== INPUT ==
lemma closedin_V_space: "closedin (Metric_space.mtopology UNIV (M_dist sp)) V_space"
proof -
  interpret Metric_space UNIV "M_dist sp" by (rule Metric_space_M_dist)
  have "\<exists>r>0. disjnt V_space (mball X r)" if "X \<notin> V_space" for X :: "'n bcmod"
  proof -
    let ?r = "V_norm sp (M_sub (M_e1 X) (M_e2 X))"
    have "M_sub (M_e1 X) (M_e2 X) \<noteq> M_zero"
      using that M_sub_eq_zeroD V_space_iff_M_e1_eq_M_e2 by blast
    then have "?r > 0"
      using V_norm_eq_zeroD[OF M_sub_in_V_space[OF M_e1_in_V_space M_e2_in_V_space]] V_norm_nonneg
      by (metis order_le_less)
    moreover have "Y \<notin> mball X (?r / 2)" if "Y \<in> V_space" for Y
      using V_norm_idem_diff_le_2_M_dist[OF that, of X] by simp
    then have "disjnt V_space (mball X (?r / 2))" by (auto simp: disjnt_iff)
    ultimately show ?thesis by (intro exI[of _ "?r / 2"]) simp
  qed
  then show ?thesis by (simp add: closedin_metric)
qed

end

theorem mainTheorem14:
  fixes sp :: "('n::finite \<Rightarrow> bicomplex) \<Rightarrow> ('n \<Rightarrow> bicomplex) \<Rightarrow> bicomplex"
  assumes "bicomplex_scalar_product sp"
    and "hyperbolic_positive sp"
    and "closed_on_V sp"
  shows "Metric_space UNIV (M_dist sp) \<and>
         closedin (Metric_space.mtopology UNIV (M_dist sp)) V_space"
proof -
  interpret V_closed_hyperbolic_scalar_product sp
    using assms by unfold_locales
  show ?thesis using Metric_space_M_dist closedin_V_space by blast
qed

end
text \<open>The bipartite space C^m (x) C^n is indexed by
  the product type 'a \<times> 'b (first factor 'a, second factor 'b).\<close>

definition mconj :: "complex^'n^'m \<Rightarrow> complex^'n^'m" where
  "mconj M = (\<chi> i j. cnj (M $ i $ j))"

definition adj :: "complex^'n^'m \<Rightarrow> complex^'m^'n" where
  "adj M = (\<chi> i j. cnj (M $ j $ i))"

definition hermitian :: "complex^'n^'n \<Rightarrow> bool" where
  "hermitian M \<longleftrightarrow> adj M = M"

definition psd :: "complex^'n^'n \<Rightarrow> bool" where
  "psd M \<longleftrightarrow> hermitian M \<and>
     (\<forall>x::complex^'n. 0 \<le> Re (\<Sum>i\<in>UNIV. \<Sum>j\<in>UNIV. cnj (x $ i) * M $ i $ j * x $ j))"

definition is_state :: "complex^'n^'n \<Rightarrow> bool" where
  "is_state M \<longleftrightarrow> psd M \<and> trace M = 1"

definition unitary :: "complex^'n^'n \<Rightarrow> bool" where
  "unitary U \<longleftrightarrow> U ** adj U = mat 1 \<and> adj U ** U = mat 1"

definition real_matrix :: "complex^'n^'m \<Rightarrow> bool" where
  "real_matrix M \<longleftrightarrow> (\<forall>i j. Im (M $ i $ j) = 0)"

definition kron :: "complex^('a::finite)^'a \<Rightarrow> complex^('b::finite)^'b \<Rightarrow> complex^('a \<times> 'b)^('a \<times> 'b)" where
  "kron A B = (\<chi> p q. A $ fst p $ fst q * B $ snd p $ snd q)"

definition ptrans :: "complex^('a::finite \<times> 'b::finite)^('a \<times> 'b) \<Rightarrow> complex^('a \<times> 'b)^('a \<times> 'b)" where
  "ptrans M = (\<chi> p q. M $ (fst q, snd p) $ (fst p, snd q))"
===
= WHAT TO WORK ON =
Copy the stretch of the records above that runs from the line with "then show ?thesis" through the line with "(M_dist sp) \<and>". Both end lines belong in the copy, and nothing else does.

= SOLUTION FOR THIS TASK =
  then show ?thesis by (simp add: closedin_metric)
qed

end

theorem mainTheorem14:
  fixes sp :: "('n::finite \<Rightarrow> bicomplex) \<Rightarrow> ('n \<Rightarrow> bicomplex) \<Rightarrow> bicomplex"
  assumes "bicomplex_scalar_product sp"
    and "hyperbolic_positive sp"
    and "closed_on_V sp"
  shows "Metric_space UNIV (M_dist sp) \<and>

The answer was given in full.